2026 Utrecht explosions
- Date: 15 January 2026
- Time: 15:30 (CET)
- Location: Utrecht, Netherlands;
- Type: Explosion

= 2026 Utrecht explosions =

Explosions in the Netherlands

On 15 January 2026 at 3:30pm, multiple explosions were reported in the city of Utrecht, Netherlands. Initial reports say one building was destroyed and there have been multiple injuries. Neighbouring buildings have had their roofs blown off and the explosion has left glass on the street. The explosion caused a fire and an emergency hospital was set up in the area.

== Explosions ==

On 15 January 2026, one or more explosions occurred in the Visscherssteeg in the historic city centre of Utrecht at around 15:30 local time, followed by a large fire. The blasts caused significant structural damage, with multiple buildings partially or completely collapsing and surrounding properties sustaining heavy damage. The force of the explosions shattered windows, displaced roof tiles, and scattered debris across nearby streets, prompting authorities to cordon off a wide area.

Emergency services rapidly deployed in large numbers, including firefighters, police, medical teams, and specialized urban search and rescue units. Due to the instability of the damaged buildings and the ongoing fire, responders were initially unable to enter some structures and instead fought the blaze from the outside. Drones and search dogs were used to assess the situation and search for possible victims trapped under rubble, while nearby residents were evacuated and accommodated elsewhere.

At least four people were reported injured, all with minor injuries, and no fatalities were confirmed. Although early reports raised concerns about possible victims trapped beneath collapsed buildings, searches with dogs and rescue teams did not find any casualties under the debris. Authorities later indicated that the most heavily affected buildings were likely unoccupied at the time of the explosions, contributing to the limited number of injuries.

Witnesses described hearing one or more extremely loud blasts, with some reporting that the ground shook and that chaos ensued in the streets immediately afterward. People fled buildings, some injured by shattered glass, while emergency services urged the public to stay away from the area. The fire that followed the explosions produced heavy smoke visible across the city, and it took several hours for firefighters to bring the situation under control.

Initial assessments suggested that a gas leak may have been involved, as a gas odor had been reported in the area prior to the explosions. However, authorities emphasized that the exact cause remained under investigation, and while a criminal act was considered unlikely, it had not been definitively ruled out in the immediate aftermath.

== Aftermath ==
The explosions attracted widespread international media attention, with footage and reports appearing in major global outlets. Images of the fire, destruction, and emergency response were broadcast worldwide, highlighting the scale of the incident and its impact on the historic city center of Utrecht.

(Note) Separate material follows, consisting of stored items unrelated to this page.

(* Let $\{\mathcal{C}_n\}$ be a sequence of binary linear codes with blocklengths $N_n\to\infty$ and rates $r_n\to r$ for some $r\in(0,1)$. Suppose there is a constant $C>0$, independent of $p$ and $n$, such that the average EXIT function $h^{(n)}$ of $\mathcal{C}_n$ satisfies $$\frac{d h^{(n)}(p)}{dp}\ge C\log(N_n)\,h^{(n)}(p)\big(1-h^{(n)}(p)\big)\quad\text{for all }0<p<1,$$ and suppose the minimum distances $d^{(n)}_{\min}$ satisfy $\lim_{n\to\infty}\frac{\log d^{(n)}_{\min}}{\log N_n}=1$. Then $\{\mathcal{C}_n\}$ is capacity achieving on the BEC under block-MAP decoding.
   Context: Binary linear codes are assumed proper and of minimum distance at least $2$; rate $=K/N$; $\log$ is the natural logarithm. A uniform codeword $\underline{X}$ is sent over $\mathrm{BEC}(p)$ (each bit erased independently with probability $p$), giving $\underline{Y}$. The average EXIT function is $h(p)=\frac1N\sum_{i=1}^N H(X_i\mid\underline{Y}_{\sim i})$ (entropy in bits; $\underline{Y}_{\sim i}$ omits coordinate $i$). The block-MAP erasure probability $P_B(p)$ is the probability that $\underline{X}$ is not uniquely determined by $\underline{Y}$. A sequence of codes with rates $r_n\to r\in(0,1)$ is capacity achieving on the BEC under block-MAP decoding if $\lim_n P_B^{(n)}(p)=0$ for every $p\in[0,1-r)$. *)

theory Defs
  imports "HOL-Analysis.Analysis"
begin

text \<open>A binary word of length N is represented by its support, a subset of {..<N};
  addition over GF(2) is symmetric difference.\<close>

definition sym_diff :: "nat set \<Rightarrow> nat set \<Rightarrow> nat set" where
  "sym_diff a b = (a - b) \<union> (b - a)"

definition binary_linear_code :: "nat \<Rightarrow> nat set set \<Rightarrow> bool" where
  "binary_linear_code N C \<longleftrightarrow> (\<forall>c\<in>C. c \<subseteq> {..<N}) \<and> {} \<in> C \<and>
     (\<forall>a\<in>C. \<forall>b\<in>C. sym_diff a b \<in> C)"

definition proper_code :: "nat \<Rightarrow> nat set set \<Rightarrow> bool" where
  "proper_code N C \<longleftrightarrow> (\<forall>i<N. \<exists>c\<in>C. i \<in> c)"

definition min_dist :: "nat set set \<Rightarrow> nat" where
  "min_dist C = Min (card ` (C - {{}}))"

definition code_rate :: "nat \<Rightarrow> nat set set \<Rightarrow> real" where
  "code_rate N C = log 2 (real (card C)) / real N"

definition erasure_prob :: "nat \<Rightarrow> real \<Rightarrow> nat set \<Rightarrow> real" where
  "erasure_prob N p E = p ^ card E * (1 - p) ^ (N - card E)"

text \<open>Joint law of (uniform codeword X, erasure pattern E) on the finite sample space
  C \<times> Pow {..<N}.\<close>
definition joint_w :: "nat \<Rightarrow> nat set set \<Rightarrow> real \<Rightarrow> nat set \<times> nat set \<Rightarrow> real" where
  "joint_w N C p = (\<lambda>(x, E). erasure_prob N p E / real (card C))"

definition sample_space :: "nat \<Rightarrow> nat set set \<Rightarrow> (nat set \<times> nat set) set" where
  "sample_space N C = C \<times> Pow {..<N}"

definition cond_entropy :: "'w set \<Rightarrow> ('w \<Rightarrow> real) \<Rightarrow> ('w \<Rightarrow> 'a) \<Rightarrow> ('w \<Rightarrow> 'b) \<Rightarrow> real" where
  "cond_entropy \<Omega> w A B =
     - (\<Sum>\<omega>\<in>\<Omega>. w \<omega> * log 2
          ((\<Sum>\<omega>'\<in>{\<omega>'\<in>\<Omega>. A \<omega>' = A \<omega> \<and> B \<omega>' = B \<omega>}. w \<omega>') /
           (\<Sum>\<omega>'\<in>{\<omega>'\<in>\<Omega>. B \<omega>' = B \<omega>}. w \<omega>')))"

text \<open>Channel output Y for codeword x and erasure pattern E: the erased positions
  together with the unerased codeword bits.\<close>
definition channel_out :: "nat \<Rightarrow> nat set \<times> nat set \<Rightarrow> nat set \<times> nat set" where
  "channel_out N = (\<lambda>(x, E). (E, x \<inter> ({..<N} - E)))"

text \<open>Y with coordinate i omitted.\<close>
definition channel_out_ext :: "nat \<Rightarrow> nat \<Rightarrow> nat set \<times> nat set \<Rightarrow> nat set \<times> nat set" where
  "channel_out_ext N i = (\<lambda>(x, E). (E - {i}, x \<inter> ({..<N} - E - {i})))"

definition exit_fun :: "nat \<Rightarrow> nat set set \<Rightarrow> real \<Rightarrow> real" where
  "exit_fun N C p = (1 / real N) * (\<Sum>i<N.
     cond_entropy (sample_space N C) (joint_w N C p) (\<lambda>(x, E). i \<in> x) (channel_out_ext N i))"

definition block_MAP_erasure :: "nat \<Rightarrow> nat set set \<Rightarrow> real \<Rightarrow> real" where
  "block_MAP_erasure N C p = (\<Sum>\<omega>\<in>sample_space N C.
     (if \<exists>x'\<in>C. x' \<noteq> fst \<omega> \<and> channel_out N (x', snd \<omega>) = channel_out N \<omega>
      then joint_w N C p \<omega> else 0))"

definition capacity_achieving_BEC :: "(nat \<Rightarrow> nat) \<Rightarrow> (nat \<Rightarrow> nat set set) \<Rightarrow> real \<Rightarrow> bool" where
  "capacity_achieving_BEC N C r \<longleftrightarrow>
     (\<forall>p. 0 \<le> p \<and> p < 1 - r \<longrightarrow> (\<lambda>n. block_MAP_erasure (N n) (C n) p) \<longlonglongrightarrow> 0)"

end

theory Submission
  imports Defs
begin

text \<open>On the BEC, H(X_i | Y_~i) is the probability that bit i cannot be recovered from the other
  unerased bits, i.e. that some codeword containing i is supported in the erasures plus i. Two
  counting facts about linear codes bound the average h of these probabilities: unerased
  ambiguous bits are free coordinates of the code punctured to the unerased positions, giving the
  area-type bound (1 - p) h(p) <= rate; and a block failure exhibits an erased nonzero codeword,
  all of whose at least d_min positions are ambiguous, giving d_min P_B(p) <= N h(p). The
  derivative hypothesis makes the logit of h grow at rate K log N, so a margin \<delta> below capacity
  yields h(p) = O(N^(-K \<delta>)), and d_min = N^(1 - o(1)) then forces P_B(p) \<rightarrow> 0.\<close>

lemma mem_sym_diff [simp]: "x \<in> sym_diff a b \<longleftrightarrow> (x \<in> a) \<noteq> (x \<in> b)"
  unfolding sym_diff_def by auto

lemma sym_diff_eq_empty_iff [simp]: "sym_diff a b = {} \<longleftrightarrow> a = b"
  unfolding sym_diff_def by auto

lemma sum_Pow_binomial_weights:
  fixes p :: real
  assumes "finite A"
  shows "(\<Sum>E\<in>Pow A. p ^ card E * (1 - p) ^ (card A - card E)) = 1"
proof -
  have "(\<Sum>E\<in>Pow A. p ^ card E * (1 - p) ^ (card A - card E))
      = (\<Sum>k\<le>card A. \<Sum>E\<in>{E\<in>Pow A. card E = k}. p ^ card E * (1 - p) ^ (card A - card E))"
    using assms by (intro sum.group [symmetric]) (auto intro: card_mono)
  also have "\<dots> = (\<Sum>k\<le>card A. of_nat (card A choose k) * p ^ k * (1 - p) ^ (card A - k))"
    using n_subsets[OF assms] by (intro sum.cong) (simp_all add: Pow_def)
  also have "\<dots> = (p + (1 - p)) ^ card A"
    by (rule binomial_ring [symmetric])
  finally show ?thesis by simp
qed

lemma sum_erasure_prob: "(\<Sum>E\<in>Pow {..<N}. erasure_prob N p E) = 1"
  unfolding erasure_prob_def using sum_Pow_binomial_weights[of "{..<N}" p] by simp

lemma erasure_prob_nonneg: "0 \<le> p \<Longrightarrow> p \<le> 1 \<Longrightarrow> 0 \<le> erasure_prob N p E"
  unfolding erasure_prob_def by simp

lemma erasure_prob_pos: "0 < p \<Longrightarrow> p < 1 \<Longrightarrow> 0 < erasure_prob N p E"
  unfolding erasure_prob_def by simp

lemma erasure_prob_insert:
  assumes "i < N" "E \<subseteq> {..<N} - {i}"
  shows "(1 - p) * erasure_prob N p (insert i E) = p * erasure_prob N p E"
proof -
  have "finite E" "i \<notin> E" using assms finite_subset by auto
  then have "card (insert i E) = Suc (card E)" by simp
  moreover have "card E < N"
    using assms psubset_card_mono[of "{..<N}" E] by auto
  ultimately have "N - card E = Suc (N - card (insert i E))" by simp
  with \<open>card (insert i E) = Suc (card E)\<close> show ?thesis unfolding erasure_prob_def by simp
qed

text \<open>The erasure of bit i is independent of any event that does not look at position i.\<close>
lemma sum_erasure_prob_unerased:
  fixes p :: real
  assumes i: "i < N" and g: "\<And>E. g (insert i E) = g E"
  shows "(1 - p) * (\<Sum>E\<in>Pow {..<N}. erasure_prob N p E * g E)
       = (\<Sum>E\<in>Pow {..<N}. erasure_prob N p E * g E * of_bool (i \<notin> E))"
proof -
  define U where "U = {..<N} - {i}"
  have Pow_split: "Pow {..<N} = Pow U \<union> insert i ` Pow U"
    using i Pow_insert[of i U] unfolding U_def by (simp add: insert_absorb)
  have inj: "inj_on (insert i) (Pow U)" unfolding U_def inj_on_def by blast
  have sum_split: "sum f (Pow {..<N}) = sum f (Pow U) + (\<Sum>E\<in>Pow U. f (insert i E))" for f
  proof -
    have "sum f (Pow {..<N}) = sum f (Pow U) + sum f (insert i ` Pow U)"
      unfolding Pow_split by (rule sum.union_disjoint) (auto simp: U_def)
    then show ?thesis by (simp add: sum.reindex[OF inj])
  qed
  have "(\<Sum>E\<in>Pow {..<N}. erasure_prob N p E * g E)
      = (\<Sum>E\<in>Pow U. erasure_prob N p E * g E) + (\<Sum>E\<in>Pow U. erasure_prob N p (insert i E) * g E)"
    by (simp add: sum_split g)
  moreover have "(1 - p) * (\<Sum>E\<in>Pow U. erasure_prob N p (insert i E) * g E)
      = p * (\<Sum>E\<in>Pow U. erasure_prob N p E * g E)"
    unfolding sum_distrib_left
    by (intro sum.cong refl) (simp add: erasure_prob_insert[OF i, of _ p, folded U_def, symmetric])
  moreover have "(\<Sum>E\<in>Pow {..<N}. erasure_prob N p E * g E * of_bool (i \<notin> E))
      = (\<Sum>E\<in>Pow U. erasure_prob N p E * g E)"
    by (simp add: sum_split) (intro sum.cong; auto simp: U_def)
  ultimately show ?thesis by (simp add: algebra_simps)
qed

In the immediate aftermath of the explosions, significant damage was recorded in the Visscherssteeg area, with one building collapsing and several surrounding structures deemed unsafe. Multiple homes and businesses suffered extensive damage, forcing residents to evacuate. Around twenty people were unable to return to their homes in the weeks following the incident, with some expected to be displaced for months. Temporary accommodation was arranged, and the affected area remained partially closed and under security while investigations and safety assessments continued.

Cleanup and recovery operations began shortly after the incident, including the demolition of buildings that could not be salvaged. By mid-March, local authorities reported that the surrounding streets had largely been reopened to the public. Despite this progress, the material damage to homes and businesses was described as extensive, with reconstruction expected to take considerable time.

Authorities launched multiple investigations into the cause of the explosions. The Dutch Safety Board (Onderzoeksraad voor Veiligheid, OVV) announced a broader inquiry into the risks associated with gas explosions, using the Utrecht incident as a case study alongside similar events elsewhere in the Netherlands. At the same time, the Public Prosecution Service continued its own investigation, and officials stated that it had not yet been definitively established whether the explosion was caused by a gas leak, although this was considered a likely scenario by experts and network operators.

The emergency response to the disaster was later described as highly coordinated, with multiple emergency call centers handling a surge in emergency calls and distributing workload across the national system. Authorities scaled up response levels rapidly, deploying additional emergency units, medical teams, and logistical support. The intensity of the initial response gradually subsided after several hours, as the situation came under control and a clearer overview of the incident was established.